Aug 5, 2020
The Way I See It Blog Series: Reflections
My name is Marlene Cust. I am a senior citizen, and legally blind due to retinitis pigmentosa (RP) and age-related macular degeneration (AMD). In my writing, I want to acknowledge both the challenges I face and the positive coping strategies I have developed over time. Blindness is experienced by individuals in unique and various ways. There is no ‘one size fits all!’ Always there is that hope for a cure sometime in the future. In the meantime, for me, hopefulness lies in acting with courage, competence, confidence, and decisiveness every day. My blog entries present living with blindness ‘the way I see it’.
As a child, I was fascinated by my physical image as it appeared in photos, shadows, and mirrors. I marvelled at their magic qualities and the different ways they showed myself to me.
Photos captured me at one moment in time, and froze me there unchanging, forever. How amazing to the child that was me!
My shadow also gave me a portrait of myself, but it was a whimsical image that changed me, erratically, from tall to small, from thin to bulky, from huge to tiny. It could dwarf me or make me grotesque. It was impish, following me everywhere, frolicking, leaping, gamboling. At times, my shadow was barely visible or disappeared totally, only to reappear later on. What fun!
A mirror reflected back to me an image of my physical body. But it was fickle.

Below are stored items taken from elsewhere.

(* Let $q\ge 2$ and let $A_1$ be the distance-1 adjacency matrix of the Hamming scheme $H(3,q)$. Then there exist constants $\alpha,\beta$ with $A_1^3=\beta A_1+\alpha(J-A_1)$ if and only if $q=3$. Moreover, for $q=3$, with $A_i$ the distance-$i$ adjacency matrices of $H(3,3)$, $$A_1^3=15A_1+6(J-A_1),\quad A_2^3=69A_2+60(J-A_2),\quad (A_3+I)^3=33(A_3+I)+24(J-A_3-I),$$ so each of $A_1$, $A_2$, $A_3+I$ is the incidence matrix of a symmetric partial geometric design.
   Context: The Hamming scheme $H(d,q)$ has vertex set $S^d$ for a $q$-element set $S$, with $(\mathbf x,\mathbf y)\in R_i$ iff the Hamming distance $\delta(\mathbf x,\mathbf y)=|\{j: x_j\neq y_j\}|$ equals $i$; $A_i$ is the adjacency matrix of $R_i$, $J$ the all-ones matrix. A symmetric partial geometric design with parameters $(v,k;\alpha,\beta)$ is a design with $v$ points, $v$ blocks, block size and replication $k$, whose incidence matrix $N$ satisfies $NN^TN=\beta N+\alpha(J-N)$. *)

theory Defs
  imports Complex_Main
begin

definition ham_verts :: "nat \<Rightarrow> nat \<Rightarrow> nat list set" where
  "ham_verts d q = {xs. length xs = d \<and> (\<forall>i<d. xs ! i < q)}"

definition ham_dist :: "nat list \<Rightarrow> nat list \<Rightarrow> nat" where
  "ham_dist xs ys = card {j. j < length xs \<and> xs ! j \<noteq> ys ! j}"

definition ham_adj :: "nat \<Rightarrow> nat list \<Rightarrow> nat list \<Rightarrow> real" where
  "ham_adj i xs ys = (if ham_dist xs ys = i then 1 else 0)"

definition idm :: "'a \<Rightarrow> 'a \<Rightarrow> real" where
  "idm x y = (if x = y then 1 else 0)"

definition mmul :: "'a set \<Rightarrow> ('a \<Rightarrow> 'a \<Rightarrow> real) \<Rightarrow> ('a \<Rightarrow> 'a \<Rightarrow> real) \<Rightarrow> 'a \<Rightarrow> 'a \<Rightarrow> real" where
  "mmul V A B x y = (\<Sum>z\<in>V. A x z * B z y)"

definition mcube :: "'a set \<Rightarrow> ('a \<Rightarrow> 'a \<Rightarrow> real) \<Rightarrow> 'a \<Rightarrow> 'a \<Rightarrow> real" where
  "mcube V A = mmul V (mmul V A A) A"

definition mtrans :: "('a \<Rightarrow> 'b \<Rightarrow> real) \<Rightarrow> 'b \<Rightarrow> 'a \<Rightarrow> real" where
  "mtrans N y x = N x y"

text \<open>Symmetric partial geometric design with parameters (v,k;alpha,beta), given by its
  incidence matrix N whose rows (points) and columns (blocks) are both indexed by P
  (v points, v blocks): N is 0/1, every block has size k, every point has replication k,
  and N N^T N = beta N + alpha (J - N).\<close>
definition sym_pg_design :: "'a set \<Rightarrow> ('a \<Rightarrow> 'a \<Rightarrow> real) \<Rightarrow> nat \<Rightarrow> nat \<Rightarrow> real \<Rightarrow> real \<Rightarrow> bool" where
  "sym_pg_design P N v k \<alpha> \<beta> \<longleftrightarrow>
     finite P \<and> card P = v \<and>
     (\<forall>x\<in>P. \<forall>y\<in>P. N x y = 0 \<or> N x y = 1) \<and>
     (\<forall>x\<in>P. (\<Sum>y\<in>P. N x y) = real k) \<and>
     (\<forall>y\<in>P. (\<Sum>x\<in>P. N x y) = real k) \<and>
     (\<forall>x\<in>P. \<forall>y\<in>P. mmul P (mmul P N (mtrans N)) N x y = \<beta> * N x y + \<alpha> * (1 - N x y))"

end

theory Submission
  imports Defs
begin

text \<open>On \<open>H(3,q)\<close> consider the matrices whose \<open>(x,y)\<close> entry depends only on the equality
  pattern \<open>(x\<^sub>0 = y\<^sub>0, x\<^sub>1 = y\<^sub>1, x\<^sub>2 = y\<^sub>2)\<close>. In a product of two of them the sum over the middle
  vertex factorises over the three coordinates, so the product is again of this kind, with
  coefficients given by an explicit count of symbols in each coordinate. The matrices \<open>A\<^sub>i\<close> are of
  this kind, so their squares and cubes are finite computations on the eight patterns. The entries
  of \<open>A\<^sub>1\<^sup>3\<close> at distance 0 and 3, where \<open>A\<^sub>1\<close> vanishes, are \<open>3(q-1)(q-2)\<close> and 6; they agree only
  for \<open>q = 3\<close>. For a symmetric 0/1 matrix the row sums are the diagonal entries of its square,
  which gives the replication number of each design.\<close>

lemma ham_verts_3_eq:
  "ham_verts 3 q = (\<lambda>(a, b, c). [a, b, c]) ` ({..<q} \<times> {..<q} \<times> {..<q})"
proof -
  have "xs \<in> ham_verts 3 q \<longleftrightarrow> (\<exists>a<q. \<exists>b<q. \<exists>c<q. xs = [a, b, c])" for xs
    by (auto simp: ham_verts_def numeral_3_eq_3 length_Suc_conv less_Suc_eq)
  then show ?thesis by (auto simp: image_iff)
qed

It changed my appearance from one time to the next, depending on the clothes I wore, the way my hair was cut, the momentary expression on my face, my features as I grew from child to adult.
My childhood fascination with photos, shadows, and mirrors metamorphosed into a profession in which I worked with children and adults who struggled with issues related to self-image.
What is self-image? According to life coach, Adam Sicinski: “A self-image is in its most basic form an internalized mental picture/idea you have of yourself. It’s how you think and feel about yourself based on your appearance, performance, and relationships that consistently impact your outlook on life as well as your level of happiness and fulfillment.” (Adam Sicinski, 2018, blog.iqmatrix.com)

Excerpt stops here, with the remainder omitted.